(* Let $\pi:P\to M$ be a principal fibre bundle with group $G=P^{-1}P$, in the setting described in the context. There is a bijective correspondence $\theta\leftrightarrow\alpha$ between horizontal equivariant $G$-valued $k$-forms $\theta$ on $P$ and $\mathbf{gauge}(PP^{-1})$-valued $k$-forms $\alpha$ on $M$, characterized by $$u_0\cdot\theta(u_0,\dots,u_k)=\alpha(\pi(u_0),\dots,\pi(u_k))\cdot u_0$$ for every infinitesimal $k$-simplex $(u_0,\dots,u_k)$ in $P$; explicitly $\alpha(a_0,\dots,a_k)=(u_0\theta(u_0,\dots,u_k))u_0^{-1}$ for any infinitesimal $k$-simplex $(u_0,\dots,u_k)$ in $P$ lying over $(a_0,\dots,a_k)$, and $\theta(u_0,\dots,u_k)=u_0^{-1}(\alpha(\pi(u_0),\dots,\pi(u_k))u_0)$.
   Context: Setting: $\Phi$ is a groupoid whose object set contains a set $M$ and an object $*\notin M$; $P$ is the set of arrows of $\Phi$ with domain $*$ and codomain in $M$; $\pi:P\to M$ is the codomain map; $G=P^{-1}P:=\Phi( *,* )$ acts on $P$ from the right by precomposition, freely and transitively on fibres; for $x,z$ in one fibre, $x^{-1}z\in G$ is computed in $\Phi$. $PP^{-1}$ is the full subgroupoid of $\Phi$ on $M$ (arrows are composites $yx^{-1}$), acting on $P$ from the left by postcomposition. Composition is right to left. $M$ and $P$ carry reflexive symmetric neighbour relations $\sim$; an infinitesimal $k$-simplex is a $(k+1)$-tuple of mutual neighbours; $\pi$ preserves $\sim$; for every infinitesimal $k$-simplex $(a_0,\dots,a_k)$ in $M$ and every $x_0$ over $a_0$ there is an infinitesimal $k$-simplex in $P$ starting at $x_0$ lying over it; the right action of each $g\in G$ preserves $\sim$. The gauge group bundle $\mathbf{gauge}(PP^{-1})$ is the group bundle over $M$ whose fibre over $a$ is the group $PP^{-1}(a,a)$ of endo-arrows at $a$. A $\mathbf{gauge}(PP^{-1})$-valued $k$-form on $M$ assigns to each infinitesimal $k$-simplex $(a_0,\dots,a_k)$ in $M$ an element of $PP^{-1}(a_0,a_0)$. A $G$-valued $k$-form on $P$ assigns an element of $G$ to each infinitesimal $k$-simplex in $P$; it is horizontal if $\theta(u_0,u_1,\dots,u_k)=\theta(u_0,u_1g_1,\dots,u_kg_k)$ whenever $(u_0,u_1g_1,\dots,u_kg_k)$ is still an infinitesimal simplex, and equivariant if $\theta(u_0g,\dots,u_kg)=g^{-1}\theta(u_0,\dots,u_k)g$ for all infinitesimal $k$-simplices and all $g\in G$. *)

theory Defs
  imports Main
begin

section \<open>Groupoids (composition right to left: cmp g f = g after f)\<close>

record ('o, 'a) gpd =
  Obj  :: "'o set"
  Arr  :: "'a set"
  src  :: "'a \<Rightarrow> 'o"
  tgt  :: "'a \<Rightarrow> 'o"
  cmp  :: "'a \<Rightarrow> 'a \<Rightarrow> 'a"
  idt  :: "'o \<Rightarrow> 'a"
  ginv :: "'a \<Rightarrow> 'a"

definition groupoid :: "('o, 'a) gpd \<Rightarrow> bool" where
  "groupoid \<Phi> \<longleftrightarrow>
     (\<forall>f\<in>Arr \<Phi>. src \<Phi> f \<in> Obj \<Phi> \<and> tgt \<Phi> f \<in> Obj \<Phi>) \<and>
     (\<forall>a\<in>Obj \<Phi>. idt \<Phi> a \<in> Arr \<Phi> \<and> src \<Phi> (idt \<Phi> a) = a \<and> tgt \<Phi> (idt \<Phi> a) = a) \<and>
     (\<forall>f\<in>Arr \<Phi>. \<forall>g\<in>Arr \<Phi>. src \<Phi> g = tgt \<Phi> f \<longrightarrow>
        cmp \<Phi> g f \<in> Arr \<Phi> \<and> src \<Phi> (cmp \<Phi> g f) = src \<Phi> f \<and> tgt \<Phi> (cmp \<Phi> g f) = tgt \<Phi> g) \<and>
     (\<forall>f\<in>Arr \<Phi>. \<forall>g\<in>Arr \<Phi>. \<forall>h\<in>Arr \<Phi>. src \<Phi> g = tgt \<Phi> f \<longrightarrow> src \<Phi> h = tgt \<Phi> g \<longrightarrow>
        cmp \<Phi> h (cmp \<Phi> g f) = cmp \<Phi> (cmp \<Phi> h g) f) \<and>
     (\<forall>f\<in>Arr \<Phi>. cmp \<Phi> f (idt \<Phi> (src \<Phi> f)) = f \<and> cmp \<Phi> (idt \<Phi> (tgt \<Phi> f)) f = f) \<and>
     (\<forall>f\<in>Arr \<Phi>. ginv \<Phi> f \<in> Arr \<Phi> \<and> src \<Phi> (ginv \<Phi> f) = tgt \<Phi> f \<and> tgt \<Phi> (ginv \<Phi> f) = src \<Phi> f \<and>
        cmp \<Phi> (ginv \<Phi> f) f = idt \<Phi> (src \<Phi> f) \<and> cmp \<Phi> f (ginv \<Phi> f) = idt \<Phi> (tgt \<Phi> f))"

text \<open>P: arrows from the base point star to objects of M; the projection is tgt.\<close>
definition Pset :: "('o, 'a) gpd \<Rightarrow> 'o set \<Rightarrow> 'o \<Rightarrow> 'a set" where
  "Pset \<Phi> M star = {x \<in> Arr \<Phi>. src \<Phi> x = star \<and> tgt \<Phi> x \<in> M}"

## Exercise aim
Copy out, exactly and alone, the lines of the entries above between the ones holding "(\<forall>f\<in>Arr \<Phi>. cmp" and "gpd \<Rightarrow> 'o", inclusive.

## Exercise output
     (\<forall>f\<in>Arr \<Phi>. cmp \<Phi> f (idt \<Phi> (src \<Phi> f)) = f \<and> cmp \<Phi> (idt \<Phi> (tgt \<Phi> f)) f = f) \<and>
     (\<forall>f\<in>Arr \<Phi>. ginv \<Phi> f \<in> Arr \<Phi> \<and> src \<Phi> (ginv \<Phi> f) = tgt \<Phi> f \<and> tgt \<Phi> (ginv \<Phi> f) = src \<Phi> f \<and>
        cmp \<Phi> (ginv \<Phi> f) f = idt \<Phi> (src \<Phi> f) \<and> cmp \<Phi> f (ginv \<Phi> f) = idt \<Phi> (tgt \<Phi> f))"

text \<open>P: arrows from the base point star to objects of M; the projection is tgt.\<close>
definition Pset :: "('o, 'a) gpd \<Rightarrow> 'o set \<Rightarrow> 'o \<Rightarrow> 'a set" where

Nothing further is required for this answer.